18. Mai 2015
Dritter Wocheneintrag einer Leidenden
Heute beginnt die fünfte Woche meiner Therapie und obwohl ich mir vorgenommen hatte, jede Woche irgendetwas zu schreiben, ist es doch nicht so geschehen. Wen überrascht es? Aber es gab auch einfach nichts Neues zu sagen. Und eigentlich gibt es auch jetzt nichts Neues zu berichten. Ich fühle mich noch immer schlecht.

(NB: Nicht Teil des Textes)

primrec isolated_Zs :: "letter list \<Rightarrow> nat" where
  "isolated_Zs [] = 0"
| "isolated_Zs (c # w) = isolated_Z_after c w + isolated_Zs w"

lemma isolated_Z_after_Z [simp]: "isolated_Z_after Z w = 0"
  by (cases "(Z, w)" rule: isolated_Z_after.cases) auto

lemma isolated_Z_after_le_1: "isolated_Z_after c w \<le> 1"
  by (cases "(c, w)" rule: isolated_Z_after.cases) auto

lemma isolated_Z_after_Cons: "d \<noteq> Z \<Longrightarrow> isolated_Z_after c (d # w) = 0"
  by (cases d) auto

lemma isolated_Z_after_X_eq_Y: "isolated_Z_after X w = isolated_Z_after Y w"
  by (cases "(X, w)" rule: isolated_Z_after.cases) auto

lemma isolated_Z_after_reduce:
  "isolated_Z_after c (u @ Y # Z # X # v) = isolated_Z_after c (u @ X # Y # v)"
proof (cases u)
  case Nil then show ?thesis by simp
next
  case (Cons d u')
  then show ?thesis by (cases u'; cases d) auto
qed

lemma isolated_Zs_reduce: "isolated_Zs (u @ Y # Z # X # v) = Suc (isolated_Zs (u @ X # Y # v))"
  by (induction u) (simp_all add: isolated_Z_after_X_eq_Y isolated_Z_after_reduce)

lemma eqM_length_isolated_Zs:
  "eqM a b \<Longrightarrow> length a + isolated_Zs b = length b + isolated_Zs a"
  unfolding eqM_eq_equivclp_reduce
  by (induction rule: equivclp_induct) (auto simp: replace_factor_def isolated_Zs_reduce)

lemma isolated_Zs_less: "w \<noteq> [] \<Longrightarrow> 2 * isolated_Zs w < length w"
proof (induction w rule: induct_list012)
  case (3 c d w)
  show ?case
  proof (cases "d = Z \<and> w \<noteq> []")
    case True
    then have "2 * isolated_Zs w < length w" using 3 by blast
    moreover have "isolated_Zs (c # d # w) \<le> 1 + isolated_Zs w"
      using True isolated_Z_after_le_1[of c "d # w"] by simp
    ultimately show ?thesis by simp
  next
    case False
    then have "isolated_Z_after c (d # w) = 0"
      by (cases "d = Z") (simp_all add: isolated_Z_after_Cons)
    then show ?thesis using 3 by simp
  qed
qed simp_all

lemma eqM_length_less: "eqM b c \<Longrightarrow> b \<noteq> [] \<Longrightarrow> length b < 2 * length c"
  using eqM_length_isolated_Zs[of b c] isolated_Zs_less[of b] by simp

lemma LM_subset_atMost: "LM a \<subseteq> {..2 * length a}"
  unfolding LM_def by (auto dest: eqM_length_less)

lemma finite_LM: "finite (LM a)"
  using LM_subset_atMost by (rule finite_subset) simp

lemma length_in_LM: "eqM b a \<Longrightarrow> length b \<in> LM a"
  unfolding LM_def by blast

Das einzig Neue ist, dass mir letzte Woche vom Therapeuten gesagt wurde, dass es mir wohl inzwischen besser ginge. Als Hausaufgabe sollte ich mir übers Wochenende überlegen, auf wann ich meinen Entlassungstermin legen würde. Natürlich hat er sofort hinzugefügt: „Das bedeutet aber nicht, dass ich sie so bald wie möglich entlassen will!“
Ich bin kein Psychologe und Therapeut und auch wenn ich immer so tu als würde ich etwas darüber wissen, dann nur um auch meinen Senf dazuzugeben. Trotzdem meine ich, dass mein Therapeut es besser wissen sollte. Allein seine Formulierung der Hausaufgabe hat mich unendlich demotiviert.
Falsch.
Ich bin schon lange nicht mehr motiviert und ich wäre schon viel früher einfach nicht mehr zur Therapie erschienen, aber jetzt frage ich mich auch noch, was die letzten vier Wochen im Vergleich zu den letzten Monaten gebracht haben sollen.
Ich stehe noch immer am selben Punkt wie am Anfang auch.
Ich bin müde, kann nicht einschlafen oder gut schlafen, ich kann mich nicht konzentrieren, sehe keinen Sinn darin aufzustehen und mir erscheint jede Aktion die ich tun soll unendlich anstrengend. Ich habe noch weniger Lust irgendetwas zu tun als ich es sowieso schon keine hab.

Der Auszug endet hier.